In 1978, Woodward became president of the Institute. He worked aggressively to revive the organization and develop its educational work. He approached Franklin W. Hooper, a professor of chemistry and geology at Adelphi College, who was elected to the board of directors in 1887 and rose to director in 1888. By 1889 the Institute had become a thriving center with departments spanning 21 disciplines, and prominent scholars as members. In 1890 Woodward rechartered the organization as the Brooklyn Institute of Arts and Sciences (BIAS).
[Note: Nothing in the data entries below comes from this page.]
lemma sets_Collect_infdist_le:
  fixes F :: "'w \<Rightarrow> 'a::euclidean_space set"
  assumes "\<And>\<omega>. \<omega> \<in> space M \<Longrightarrow> closed (F \<omega>) \<and> F \<omega> \<noteq> {}"
    and hit: "\<And>C. compact C \<Longrightarrow> {\<omega>\<in>space M. F \<omega> \<inter> C = {}} \<in> sets M"
  shows "{\<omega>\<in>space M. infdist x (F \<omega>) \<le> q} \<in> sets M"
proof -
  have "infdist x (F \<omega>) \<le> q \<longleftrightarrow> \<not> F \<omega> \<inter> cball x q = {}" if \<omega>: "\<omega> \<in> space M" for \<omega>
  proof
    assume "infdist x (F \<omega>) \<le> q"
    moreover obtain y where "y \<in> F \<omega>" "infdist x (F \<omega>) = dist x y"
      using assms(1)[OF \<omega>] by (blast intro: infdist_attains_inf)
    ultimately show "\<not> F \<omega> \<inter> cball x q = {}"
      by auto
  qed (auto intro: infdist_le2)
  then have "{\<omega>\<in>space M. infdist x (F \<omega>) \<le> q} = {\<omega>\<in>space M. \<not> F \<omega> \<inter> cball x q = {}}"
    by blast
  also have "\<dots> \<in> sets M"
    by (intro sets.sets_Collect_neg hit compact_cball)
  finally show ?thesis .
qed

lemma less_iff_ex_le_minus_inverse_Suc: "(a::real) < r \<longleftrightarrow> (\<exists>k::nat. a \<le> r - 1 / real (Suc k))"
proof
  assume "a < r"
  then obtain k :: nat where "1 / real (Suc k) < r - a"
    using nat_approx_posE[of "r - a"] by auto
  then show "\<exists>k::nat. a \<le> r - 1 / real (Suc k)"
    by (intro exI[of _ k]) linarith
qed (smt (verit) divide_pos_pos of_nat_0_less_iff zero_less_Suc)

lemma sets_Collect_hausdist_less:
  assumes F: "\<And>\<omega>. \<omega> \<in> space M \<Longrightarrow> F \<omega> \<in> nonempty_compacts"
    and hit: "\<And>C. compact C \<Longrightarrow> {\<omega>\<in>space M. F \<omega> \<inter> C = {}} \<in> sets M"
    and "finite X" and "X \<noteq> {}"
  shows "{\<omega>\<in>space M. hausdist X (F \<omega>) < r} \<in> sets M"
proof -
  have disjoint_iff_infdist_le: "S \<inter> {y. c < infdist y X} = {} \<longleftrightarrow> (\<forall>y\<in>S. infdist y X \<le> c)" for S c
    by (auto simp: not_less)
  have hausdist_less_iff: "hausdist X (F \<omega>) < r \<longleftrightarrow> (\<exists>k::nat. (\<forall>x\<in>X. infdist x (F \<omega>) \<le> r - 1 / real (Suc k)) \<and>
      F \<omega> \<inter> {y. r - 1 / real (Suc k) < infdist y X} = {})" if "\<omega> \<in> space M" for \<omega>
    unfolding less_iff_ex_le_minus_inverse_Suc[of _ r] disjoint_iff_infdist_le
      hausdist_le_iff[OF finite_nonempty_compacts[OF \<open>finite X\<close> \<open>X \<noteq> {}\<close>] F[OF that]] ..
  have "{\<omega>\<in>space M. hausdist X (F \<omega>) < r} = {\<omega>\<in>space M. \<exists>k::nat.
      (\<forall>x\<in>X. infdist x (F \<omega>) \<le> r - 1 / real (Suc k)) \<and> F \<omega> \<inter> {y. r - 1 / real (Suc k) < infdist y X} = {}}"
    by (intro Collect_cong conj_cong refl hausdist_less_iff)
  also have "\<dots> \<in> sets M"
  proof (intro sets.sets_Collect_countable_Ex sets.sets_Collect_conj
      sets.sets_Collect_countable_All'[OF _ countable_finite[OF \<open>finite X\<close>]])
    show "{\<omega>\<in>space M. infdist x (F \<omega>) \<le> r - 1 / real (Suc k)} \<in> sets M" for x k
      using F hit by (intro sets_Collect_infdist_le) (auto simp: nonempty_compacts_def compact_imp_closed)
    fix k :: nat
    have "open {y. r - 1 / real (Suc k) < infdist y X}"
      by (rule open_Collect_less) (intro continuous_intros)+
    with hit show "{\<omega>\<in>space M. F \<omega> \<inter> {y. r - 1 / real (Suc k) < infdist y X} = {}} \<in> sets M"
      by (rule sets_Collect_disjoint_open)
  qed
  finally show ?thesis .
qed

lemma measurable_hausdorff_borel:
  assumes F: "\<And>\<omega>. \<omega> \<in> space M \<Longrightarrow> F \<omega> \<in> nonempty_compacts"
    and hit: "\<And>C. compact C \<Longrightarrow> {\<omega>\<in>space M. F \<omega> \<inter> C = {}} \<in> sets M"
  shows "F \<in> measurable M hausdorff_borel"
  unfolding hausdorff_borel_def
proof (rule measurable_measure_of)
  show "{U. hausdorff_open U} \<subseteq> Pow nonempty_compacts"
    unfolding hausdorff_open_def by blast
  show "F \<in> space M \<rightarrow> nonempty_compacts"
    using F by blast
  fix U assume "U \<in> {U. hausdorff_open U}"
  then obtain I where "countable I" and I: "\<And>X r. (X, r) \<in> I \<Longrightarrow> finite X \<and> X \<noteq> {}"
    and U: "U = {Y \<in> nonempty_compacts. \<exists>(X, r)\<in>I. hausdist X Y < r}"
    using hausdorff_open_Union_balls by blast
  have "F -` U \<inter> space M = {\<omega>\<in>space M. \<exists>x\<in>I. hausdist (fst x) (F \<omega>) < snd x}"
    unfolding U using F by (auto simp: split_beta)
  also have "\<dots> \<in> sets M"
  proof (rule sets.sets_Collect_countable_Ex'[OF _ \<open>countable I\<close>])
    fix p assume "p \<in> I"
    then have "finite (fst p)" "fst p \<noteq> {}"
      using I[of "fst p" "snd p"] by simp_all
    with F hit show "{\<omega>\<in>space M. hausdist (fst p) (F \<omega>) < snd p} \<in> sets M"
      by (rule sets_Collect_hausdist_less)
  qed
  finally show "F -` U \<inter> space M \<in> sets M" .
qed
text \<open>A basis element c way below \<open>g y\<close> is the value at y of a step function pointwise way below g,
  namely c on the neighbourhood of y given by the previous lemma.\<close>

lemma Bhat_way_below_lub:
  assumes g: "g \<in> Bhat \<Omega> D0"
  shows "is_lub_in (cont_fun_space (Xhat_top \<Omega>)) {h \<in> Bhat \<Omega> D0. \<forall>y. h y \<lless> g y} g"
  unfolding is_lub_in_def
proof (intro conjI ballI allI impI)
  show "g \<in> cont_fun_space (Xhat_top \<Omega>)" using g Bhat_subset_cont_fun_space by blast
  show "h \<le> g" if "h \<in> {h \<in> Bhat \<Omega> D0. \<forall>y. h y \<lless> g y}" for h
    using that way_below_imp_le by (auto simp: le_fun_def)
next
  fix u assume u: "u \<in> cont_fun_space (Xhat_top \<Omega>)" "\<forall>h\<in>{h \<in> Bhat \<Omega> D0. \<forall>y. h y \<lless> g y}. h \<le> u"
  show "g \<le> u"
  proof (rule le_funI)
    fix y
    show "g y \<le> u y"
    proof (cases "y \<in> Xhat \<Omega>")
      case False
      obtain I b W where "g = step_join I b (lift_opens W)" using g by (rule BhatE)
      then have "g y = dbot" using False by (simp add: step_join_lift_outside)
      then show ?thesis by (simp add: dbot_least)
    next
      case True
      obtain V where V: "V \<in> \<Omega>" "down_base \<Omega> V \<in> y"
        and mono: "\<And>y'. y' \<in> Ohat \<Omega> (down_base \<Omega> V) \<Longrightarrow> g y \<le> g y'"
        using Bhat_lower_neighbourhood[OF g True] by blast
      have "c \<le> u y" if c: "c \<in> D0" "c \<lless> g y" for c
      proof -
        define hc where "hc = step_join {0} (\<lambda>_. c) (lift_opens (\<lambda>_. V))"
        have hc_eq: "hc y' = (if y' \<in> Ohat \<Omega> (down_base \<Omega> V) then c else dbot)" for y'
          unfolding hc_def by (rule step_join_single)
        have "hc \<in> Bhat \<Omega> D0"
          unfolding hc_def using V c by (intro BhatI) (auto simp: consistent_family_def)
        moreover have "hc y' \<lless> g y'" for y'
          using hc_eq mono way_below_mono[OF order_refl c(2)] dbot_way_below by auto
        ultimately have "hc \<le> u" using u(2) by blast
        then have "hc y \<le> u y" by (rule le_funD)
        then show ?thesis using hc_eq True V(2) by (simp add: mem_Ohat)
      qed
      then show ?thesis using is_lub_in_least[OF basis_approximants_lub[of "g y"]] by blast
    qed
  qed
qed
(* Let $G$, $P$, $w$ be as in the context, with all edge costs positive integer multiples of $\delta>0$, where $\delta$ is the largest number dividing all edge costs. Let $s\neq t$ with at least one directed path from $s$ to $t$, let $d_s$ be the number of out-neighbours of $s$, and let $0<\alpha<1$ be such that $\epsilon_{st}(\alpha)=U_s^{\{t,\overline o\}}(\alpha)-L_{st}<\delta/d_s$. Then any out-neighbour $j$ of $s$ maximizing $\check P_{sj}(\alpha)$ over all out-neighbours of $s$ satisfies that the edge $e_{sj}$ lies on a shortest (minimum-cost) path from $s$ to $t$.
   Context: $G=(V,E)$ is a finite directed graph; each edge $e_{ij}\in E$ has a positive cost $w_{ij}$; $P$ is a row-stochastic transition matrix with $P_{ij}>0$ iff $e_{ij}\in E$. $L_{st}$ is the minimum total cost of a directed path from $s$ to $t$. Evaporating network $G_\alpha$: Markov chain on $V\cup\{o\}$ with $P_{ij}(\alpha)=P_{ij}\alpha^{w_{ij}}$ ($i,j\in V$), $P_{io}(\alpha)=1-\sum_jP_{ij}\alpha^{w_{ij}}$, $o$ absorbing. With $t,o$ absorbing and $\mathcal T=V\setminus\{t\}$: $Q_x=Q_x^{\{t,\overline o\}}(\alpha)$ is the probability the chain from $x$ is absorbed at $t$ ($Q_t=1$); $F(\alpha)=(I-P(\alpha)_{\mathcal T\mathcal T})^{-1}$; $F^{\{t,\overline o\}}_{sm}(\alpha)=F_{sm}(\alpha)Q_m/Q_s$; the avoidance hitting cost is $U_s^{\{t,\overline o\}}(\alpha)=\sum_{m\in\mathcal T}F^{\{t,\overline o\}}_{sm}(\alpha)r_m$, $r_m=\sum_iP_{mi}(\alpha)w_{mi}Q_i/Q_m$ (the expected walk cost from $s$ conditioned on absorption at $t$). Transformed edge probabilities: $\check P_{ij}(\alpha)=P_{ij}(\alpha)\,Q_j/Q_i$. *)

theory Defs
  imports "HOL-Analysis.Analysis"
begin
lemma dist_ge_of_quotient_gt:
  fixes lam h a W p \<gamma> :: real
  assumes lam: "0 < lam" and h: "0 < h" and p: "0 < p" and \<gamma>: "\<gamma> < 0"
    and a: "0 \<le> a" "a powr p \<le> W"
    and gt: "lam * h powr (1 + \<gamma> / p) < a * h"
  shows "(W / lam powr p) powr (1 / \<gamma>) \<le> h"
proof -
  have "lam powr p * h powr (p + \<gamma>) = (lam * h powr (1 + \<gamma> / p)) powr p"
    using lam h p by (simp add: powr_mult powr_powr distrib_right)
  also have "\<dots> < (a * h) powr p"
    using gt lam h p by (intro powr_less_mono2) auto
  also have "\<dots> = a powr p * h powr p"
    using a h by (simp add: powr_mult)
  also have "\<dots> \<le> W * h powr p"
    using a by (simp add: mult_right_mono)
  finally have "lam powr p * h powr \<gamma> * h powr p < W * h powr p"
    by (simp add: powr_add mult_ac)
  then have "h powr \<gamma> \<le> W / lam powr p"
    using lam h by (simp add: pos_le_divide_eq mult_ac)
  then have "(W / lam powr p) powr (1 / \<gamma>) \<le> (h powr \<gamma>) powr (1 / \<gamma>)"
    using \<gamma> h by (intro powr_mono2') auto
  also have "\<dots> = h"
    using \<gamma> h by (simp add: powr_powr)
  finally show ?thesis .
qed

lemma Elev_near_or_far:
  fixes u u' :: "real \<Rightarrow> real"
  assumes deriv: "\<And>x. (u has_real_derivative u' x) (at x)"
    and R: "\<And>z. u' z \<noteq> 0 \<Longrightarrow> \<bar>z\<bar> \<le> R"
    and p: "0 < p" and \<gamma>: "\<gamma> < 0" and lam: "0 < lam" and \<delta>: "\<delta> \<le> 1"
    and near: "\<And>x z. \<bar>z\<bar> \<le> R \<Longrightarrow> \<bar>x - z\<bar> < \<delta> \<Longrightarrow> \<bar>u' z\<bar> powr p \<le> \<bar>u' x\<bar> powr p + \<epsilon>"
    and xy: "(x, y) \<in> Elev lam (\<gamma> / p) u"
  shows "(\<bar>x\<bar> \<le> R + 1 \<and> ((\<bar>u' x\<bar> powr p + \<epsilon>) / lam powr p) powr (1 / \<gamma>) \<le> \<bar>y - x\<bar>)
    \<or> max \<delta> (\<bar>x\<bar> - R) \<le> \<bar>y - x\<bar>"
proof -
  from xy have "x \<noteq> y" and quot: "lam < \<bar>u x - u y\<bar> / \<bar>y - x\<bar> powr (1 + \<gamma> / p)"
    by (auto simp: Elev_def abs_minus_commute)
  then obtain z where z: "\<bar>z - x\<bar> \<le> \<bar>y - x\<bar>" and mvt: "u y - u x = (y - x) * u' z"
    using MVT_closer_point[OF deriv] by metis
  have diff: "\<bar>u x - u y\<bar> = \<bar>u' z\<bar> * \<bar>y - x\<bar>"
    using mvt by (metis abs_minus_commute abs_mult mult.commute)
  have "u' z \<noteq> 0"
    using quot lam diff by auto
  then have zR: "\<bar>z\<bar> \<le> R" by (rule R)
  show ?thesis
  proof (cases "\<delta> \<le> \<bar>y - x\<bar>")
    case True
    then show ?thesis using z zR by linarith
  next
    case False
    then have xz: "\<bar>x - z\<bar> < \<delta>" using z by linarith
    have "lam * \<bar>y - x\<bar> powr (1 + \<gamma> / p) < \<bar>u' z\<bar> * \<bar>y - x\<bar>"
      using quot \<open>x \<noteq> y\<close> by (simp add: diff pos_less_divide_eq)
    then have "((\<bar>u' x\<bar> powr p + \<epsilon>) / lam powr p) powr (1 / \<gamma>) \<le> \<bar>y - x\<bar>"
      using \<open>x \<noteq> y\<close> near[OF zR xz] lam p \<gamma> by (intro dist_ge_of_quotient_gt) auto
    moreover have "\<bar>x\<bar> \<le> R + 1" using xz zR \<delta> by linarith
    ultimately show ?thesis by blast
  qed
qed

lemma nu_le_of_far:
  fixes E :: "(real \<times> real) set" and K :: "real set" and \<rho> m :: "real \<Rightarrow> real"
  assumes \<gamma>: "\<gamma> < 0" and K[measurable]: "K \<in> sets borel"
    and \<rho>[measurable]: "\<rho> \<in> borel_measurable borel" and m[measurable]: "m \<in> borel_measurable borel"
    and pos: "\<And>x. 0 < \<rho> x" "\<And>x. 0 < m x"
    and far: "\<And>x y. (x, y) \<in> E \<Longrightarrow> (x \<in> K \<and> \<rho> x \<le> \<bar>y - x\<bar>) \<or> m x \<le> \<bar>y - x\<bar>"
  shows "nu \<gamma> E \<le> (\<integral>\<^sup>+x. ennreal (2 * \<rho> x powr \<gamma> / - \<gamma>) * indicator K x \<partial>lborel)
                 + (\<integral>\<^sup>+x. ennreal (2 * m x powr \<gamma> / - \<gamma>) \<partial>lborel)"
proof -
  define k where "k r x y = ennreal (if r \<le> \<bar>y - x\<bar> then \<bar>y - x\<bar> powr (\<gamma> - 1) else 0)"
    for r x y :: real
  define F where "F = (\<lambda>(x, y). k (\<rho> x) x y * indicator K x + k (m x) x y)"
  have [measurable]: "F \<in> borel_measurable (lborel \<Otimes>\<^sub>M lborel)"
    unfolding F_def k_def by measurable
  have "nu \<gamma> E \<le> integral\<^sup>N (lborel \<Otimes>\<^sub>M lborel) F"
    unfolding nu_def
  proof (intro nn_integral_mono)
    fix z :: "real \<times> real"
    obtain x y where z: "z = (x, y)" by (cases z)
    show "ennreal (\<bar>fst z - snd z\<bar> powr (\<gamma> - 1)) * indicator {z \<in> E. fst z \<noteq> snd z} z \<le> F z"
    proof (cases "z \<in> E")
      case True
      then show ?thesis
        using far[of x y] unfolding z F_def k_def
        by (auto simp: indicator_def abs_minus_commute add_increasing add_increasing2)
    qed (simp add: indicator_def)
  qed
  also have "\<dots> = (\<integral>\<^sup>+x. \<integral>\<^sup>+y. F (x, y) \<partial>lborel \<partial>lborel)"
    by (rule lborel.nn_integral_fst[symmetric]) measurable
  also have "\<dots> = (\<integral>\<^sup>+x. ennreal (2 * \<rho> x powr \<gamma> / - \<gamma>) * indicator K x
                          + ennreal (2 * m x powr \<gamma> / - \<gamma>) \<partial>lborel)"
  proof (intro nn_integral_cong)
    fix x :: real
    have "(\<integral>\<^sup>+y. F (x, y) \<partial>lborel)
        = (\<integral>\<^sup>+y. k (\<rho> x) x y \<partial>lborel) * indicator K x + (\<integral>\<^sup>+y. k (m x) x y \<partial>lborel)"
      unfolding F_def k_def by (simp add: nn_integral_add nn_integral_multc)
    then show "(\<integral>\<^sup>+y. F (x, y) \<partial>lborel) = ennreal (2 * \<rho> x powr \<gamma> / - \<gamma>) * indicator K x
                                         + ennreal (2 * m x powr \<gamma> / - \<gamma>)"
      unfolding k_def using nn_integral_powr_dist_ge[OF \<gamma>] pos by simp
  qed
  also have "\<dots> = (\<integral>\<^sup>+x. ennreal (2 * \<rho> x powr \<gamma> / - \<gamma>) * indicator K x \<partial>lborel)
                 + (\<integral>\<^sup>+x. ennreal (2 * m x powr \<gamma> / - \<gamma>) \<partial>lborel)"
    by (rule nn_integral_add) measurable
  finally show ?thesis .
qed

lemma nu_Elev_le:
  fixes u u' :: "real \<Rightarrow> real"
  assumes deriv: "\<And>x. (u has_real_derivative u' x) (at x)"
    and R: "\<And>z. u' z \<noteq> 0 \<Longrightarrow> \<bar>z\<bar> \<le> R" and u'[measurable]: "u' \<in> borel_measurable borel"
    and p: "0 < p" and \<gamma>: "\<gamma> < 0" and lam: "0 < lam" and \<epsilon>: "0 < \<epsilon>" and \<delta>: "0 < \<delta>" "\<delta> \<le> 1"
    and near: "\<And>x z. \<bar>z\<bar> \<le> R \<Longrightarrow> \<bar>x - z\<bar> < \<delta> \<Longrightarrow> \<bar>u' z\<bar> powr p \<le> \<bar>u' x\<bar> powr p + \<epsilon>"
  shows "ennreal (lam powr p) * nu \<gamma> (Elev lam (\<gamma> / p) u)
    \<le> (\<integral>\<^sup>+x. ennreal (2 * (\<bar>u' x\<bar> powr p + \<epsilon>) / - \<gamma>) * indicator {-(R+1)..R+1} x \<partial>lborel)
      + ennreal (lam powr p) * (\<integral>\<^sup>+x. ennreal (2 * max \<delta> (\<bar>x\<bar> - R) powr \<gamma> / - \<gamma>) \<partial>lborel)"
proof -
  define \<rho> where "\<rho> x = ((\<bar>u' x\<bar> powr p + \<epsilon>) / lam powr p) powr (1 / \<gamma>)" for x
  have [measurable]: "\<rho> \<in> borel_measurable borel" unfolding \<rho>_def by measurable
  have W_pos: "0 < \<bar>u' x\<bar> powr p + \<epsilon>" for x
    using \<epsilon> by (intro add_nonneg_pos) auto
  have \<rho>_pos: "0 < \<rho> x" for x
    unfolding \<rho>_def using W_pos[of x] lam by simp
  have \<rho>_scale: "lam powr p * \<rho> x powr \<gamma> = \<bar>u' x\<bar> powr p + \<epsilon>" for x
    unfolding \<rho>_def using W_pos[of x] lam \<gamma> by (simp add: powr_powr)
  have far: "(x \<in> {-(R+1)..R+1} \<and> \<rho> x \<le> \<bar>y - x\<bar>) \<or> max \<delta> (\<bar>x\<bar> - R) \<le> \<bar>y - x\<bar>"
    if "(x, y) \<in> Elev lam (\<gamma> / p) u" for x y
    using Elev_near_or_far[OF deriv R p \<gamma> lam \<delta>(2) near that] unfolding \<rho>_def by auto
  have "nu \<gamma> (Elev lam (\<gamma> / p) u)
     \<le> (\<integral>\<^sup>+x. ennreal (2 * \<rho> x powr \<gamma> / - \<gamma>) * indicator {-(R+1)..R+1} x \<partial>lborel)
       + (\<integral>\<^sup>+x. ennreal (2 * max \<delta> (\<bar>x\<bar> - R) powr \<gamma> / - \<gamma>) \<partial>lborel)"
    using \<gamma> \<rho>_pos \<delta> far by (intro nu_le_of_far) auto
  then have "ennreal (lam powr p) * nu \<gamma> (Elev lam (\<gamma> / p) u)
     \<le> ennreal (lam powr p) * (\<integral>\<^sup>+x. ennreal (2 * \<rho> x powr \<gamma> / - \<gamma>) * indicator {-(R+1)..R+1} x \<partial>lborel)
       + ennreal (lam powr p) * (\<integral>\<^sup>+x. ennreal (2 * max \<delta> (\<bar>x\<bar> - R) powr \<gamma> / - \<gamma>) \<partial>lborel)"
    by (simp add: distrib_left[symmetric] mult_left_mono)
  also have "ennreal (lam powr p) * (\<integral>\<^sup>+x. ennreal (2 * \<rho> x powr \<gamma> / - \<gamma>) * indicator {-(R+1)..R+1} x \<partial>lborel)
      = (\<integral>\<^sup>+x. ennreal (2 * (\<bar>u' x\<bar> powr p + \<epsilon>) / - \<gamma>) * indicator {-(R+1)..R+1} x \<partial>lborel)"
  proof -
    have "ennreal (lam powr p) * ennreal (2 * \<rho> x powr \<gamma> / - \<gamma>) = ennreal (2 * (\<bar>u' x\<bar> powr p + \<epsilon>) / - \<gamma>)"
      for x
    proof -
      have "0 \<le> 2 * \<rho> x powr \<gamma> / - \<gamma>" using \<gamma> by (simp add: divide_nonneg_neg)
      then show ?thesis
        by (simp add: ennreal_mult[symmetric] \<rho>_scale[of x, symmetric] mult_ac)
    qed
    then show ?thesis
      by (subst nn_integral_cmult[symmetric]) (auto simp: mult.assoc[symmetric])
  qed
  finally show ?thesis .
qed

lemma nn_integral_max_powr_finite:
  fixes \<delta> R \<gamma> :: real
  assumes \<delta>: "0 < \<delta>" and R: "0 \<le> R" and \<gamma>: "\<gamma> < -1"
  shows "(\<integral>\<^sup>+x. ennreal (max \<delta> (\<bar>x\<bar> - R) powr \<gamma>) \<partial>lborel) < \<infinity>"
proof -
  define K where "K = {-(R+1)..R+1}"
  define tail where "tail x = (if R + 1 \<le> \<bar>x\<bar> then \<bar>x\<bar> powr \<gamma> else 0)" for x :: real
  have bound: "max \<delta> (\<bar>x\<bar> - R) powr \<gamma> \<le> \<delta> powr \<gamma> * indicator K x + (R+1) powr (-\<gamma>) * tail x" for x
  proof (cases "\<bar>x\<bar> \<le> R + 1")
    case True
    have "max \<delta> (\<bar>x\<bar> - R) powr \<gamma> \<le> \<delta> powr \<gamma>" using \<delta> \<gamma> by (intro powr_mono2') auto
    moreover have "0 \<le> (R+1) powr (-\<gamma>) * tail x" by (simp add: tail_def)
    moreover have "x \<in> K" using True by (auto simp: K_def)
    ultimately show ?thesis by simp
  next
    case False
    have "\<bar>x\<bar> \<le> (\<bar>x\<bar> - R) * (R + 1)"
      using mult_nonneg_nonneg[of R "\<bar>x\<bar> - R - 1"] False R by (simp add: algebra_simps)
    then have "\<bar>x\<bar> / (R + 1) \<le> \<bar>x\<bar> - R" using R by (simp add: divide_le_eq)
    then have "\<bar>x\<bar> / (R + 1) \<le> max \<delta> (\<bar>x\<bar> - R)" by linarith
    then have "max \<delta> (\<bar>x\<bar> - R) powr \<gamma> \<le> (\<bar>x\<bar> / (R + 1)) powr \<gamma>"
      using \<gamma> False R by (intro powr_mono2') auto
    also have "\<dots> = (R + 1) powr (-\<gamma>) * \<bar>x\<bar> powr \<gamma>"
      using False R by (simp add: powr_divide powr_minus_divide)
    finally have "max \<delta> (\<bar>x\<bar> - R) powr \<gamma> \<le> (R + 1) powr (-\<gamma>) * \<bar>x\<bar> powr \<gamma>" .
    moreover have "x \<notin> K" using False by (auto simp: K_def)
    ultimately show ?thesis using False by (simp add: tail_def)
  qed
  have "(\<integral>\<^sup>+x. ennreal (max \<delta> (\<bar>x\<bar> - R) powr \<gamma>) \<partial>lborel)
      \<le> (\<integral>\<^sup>+x. ennreal (\<delta> powr \<gamma>) * indicator K x + ennreal ((R+1) powr (-\<gamma>)) * ennreal (tail x) \<partial>lborel)"
  proof (intro nn_integral_mono)
    fix x
    have "0 \<le> tail x" by (simp add: tail_def)
    then show "ennreal (max \<delta> (\<bar>x\<bar> - R) powr \<gamma>)
        \<le> ennreal (\<delta> powr \<gamma>) * indicator K x + ennreal ((R+1) powr (-\<gamma>)) * ennreal (tail x)"
      using bound[of x] by (cases "x \<in> K") (auto simp flip: ennreal_plus ennreal_mult intro: ennreal_leI)
  qed
  also have "\<dots> = ennreal (\<delta> powr \<gamma>) * emeasure lborel K
      + ennreal ((R+1) powr (-\<gamma>)) * (\<integral>\<^sup>+x. ennreal (tail x) \<partial>lborel)"
    unfolding K_def tail_def by (simp add: nn_integral_add nn_integral_cmult nn_integral_cmult_indicator)
  also have "\<dots> < \<infinity>"
  proof -
    have "(\<integral>\<^sup>+x. ennreal (tail x) \<partial>lborel) = ennreal (2 * (R + 1) powr (\<gamma> + 1) / - (\<gamma> + 1))"
      using R \<gamma> nn_integral_powr_dist_ge[of "\<gamma> + 1" "R + 1" 0] by (simp add: tail_def cong: if_cong)
    then show ?thesis using R by (simp add: K_def ennreal_mult_less_top)
  qed
  finally show ?thesis .
qed

lemma Limsup_at_right_0_le_of_powr_bound:
  fixes f :: "real \<Rightarrow> ennreal"
  assumes p: "0 < p" and B: "B < \<infinity>"
    and bound: "\<And>lam. 0 < lam \<Longrightarrow> f lam \<le> N + ennreal (lam powr p) * B"
  shows "Limsup (at_right 0) f \<le> N"
proof -
  have "((\<lambda>lam::real. lam powr p) \<longlongrightarrow> 0) (at_right 0)"
    using p by (intro tendsto_zero_powrI)
      (auto intro: tendsto_ident_at eventually_at_right_less[THEN eventually_mono])
  then have "((\<lambda>lam::real. B * ennreal (lam powr p)) \<longlongrightarrow> B * 0) (at_right 0)"
    using B by (intro ennreal_tendsto_cmult tendsto_ennrealI[where x = 0, simplified]) auto
  then have lim: "((\<lambda>lam. N + ennreal (lam powr p) * B) \<longlongrightarrow> N) (at_right 0)"
    using tendsto_add[OF tendsto_const] by (fastforce simp: mult.commute)
  have "Limsup (at_right 0) f \<le> Limsup (at_right 0) (\<lambda>lam. N + ennreal (lam powr p) * B)"
    by (intro Limsup_mono eventually_mono[OF eventually_at_right_less] bound) simp
  also have "\<dots> = N" by (rule lim_imp_Limsup[OF _ lim]) simp
  finally show ?thesis .
qed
Woodward and Hooper ushered BIAS into a period of tremendous growth. During the eight years of Woodward’s presidency, membership rose from 82 to 3700; the number of public lectures rose from 18 to 496; special meetings and class exercises from 60 to 2124, and annual attendance from 6900 to more than 218,000.

Woodward also worked to secure the future growth of BIAS, obtaining a site for the museum, and issuing bonds to erect it; the museum opened in 1897. By 1903—04 BIAS had more than 7250 members, 560 public lectures, 3700 special meetings and class exercises, and an annual attendance of 465,000 (down from 1900—01’s high of 542,000).

These were the glory years of BIAS. General Woodward is quoted as saying:

It was in 1887 that I became president for the second time and was able to see plans for the Institute adopted and carried out…We had struggled with a debt of fourteen thousand dollars, which was a source of endless embarrassment. On account of it the Institute had been practically lifeless for twenty years. Now see what we have—an endowment fund of more than two hundred thousand dollars in as good securities as can be found in Brooklyn and the city ready to issue bonds to the extent of three hundred thousand more in order to erect a museum building…And all this has been accomplished mainly through the efforts of Franklin W Hooper.

Similarly modest, Professor Hooper attributed BIAS’ success “very largely to the wisdom and energy and influence of General Woodward.”